**Aim of the task:**
Look in the material below for the line with "qed (auto intro: rho_rels_to_torus" and the line with "ultimately show ?thesis", then set down exactly those two lines and all lines between, nothing more.

※

lemma rho_to_torus_to_rho:
  assumes "1 \<le> i" and "i \<le> n"
  shows "pres_eq (rho_rels n) (subst_word (torus_to_rho n) (rho_to_torus i)) [(i, False)]"
proof -
  let ?R = "rho_rels n"
  let ?G = "presented_group UNIV ?R"
  interpret group ?G
    by (rule group_presented_group)
  let ?\<rho> = "\<lambda>j. pres_class ?R [(j, False)]"
  have "pres_class ?R (subst_word (torus_to_rho n) (rho_to_torus i)) =
      (?\<rho> 1 \<otimes>\<^bsub>?G\<^esub> ?\<rho> n) [^]\<^bsub>?G\<^esub> i \<otimes>\<^bsub>?G\<^esub> inv\<^bsub>?G\<^esub> (?\<rho> n [^]\<^bsub>?G\<^esub> i)"
    by (simp add: pres_class_subst_word_rho_to_torus torus_to_rho_def presented_group_mult)
  also have "\<dots> = ?\<rho> i"
    using rho_relation assms by (intro rho_relations_closed_form[symmetric]) simp_all
  finally show ?thesis
    by (simp add: pres_class_eq_iff)
qed

theorem proposition4p2:
  fixes n :: nat
  assumes "n \<ge> 1"
  shows "\<exists>h. h \<in> iso (rho_group n) (torus_group n (n + 1)) \<and>
           (\<forall>i\<in>{1..n}. h (pres_class (rho_rels n) [(i, False)]) =
              pres_class (torus_rels n (n + 1)) (replicate i (X, False) @ replicate i (Y, True)))"
proof -
  let ?h = "presentation_hom (rho_rels n) (torus_rels n (Suc n)) rho_to_torus"
  have "?h \<in> iso (presented_group {1..n} (rho_rels n)) (presented_group UNIV (torus_rels n (Suc n)))"
  proof (rule presentation_hom_iso)
    show "set (torus_to_rho n g) \<subseteq> {1..n} \<times> UNIV" for g
      using assms by (cases g) (auto simp: torus_to_rho_def)
  qed (auto intro: rho_rels_to_torus torus_rels_to_rho[OF assms] rho_to_torus_to_rho
      torus_to_rho_to_torus)
  moreover have "?h (pres_class (rho_rels n) [(i, False)]) =
      pres_class (torus_rels n (Suc n)) (rho_to_torus i)" for i
    by (simp add: presentation_hom_pres_class rho_rels_to_torus)
  ultimately show ?thesis
    by (auto simp: rho_group_def torus_group_def rho_to_torus_def)
qed

end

※

**Problem solution:**
  qed (auto intro: rho_rels_to_torus torus_rels_to_rho[OF assms] rho_to_torus_to_rho
      torus_to_rho_to_torus)
  moreover have "?h (pres_class (rho_rels n) [(i, False)]) =
      pres_class (torus_rels n (Suc n)) (rho_to_torus i)" for i
    by (simp add: presentation_hom_pres_class rho_rels_to_torus)
  ultimately show ?thesis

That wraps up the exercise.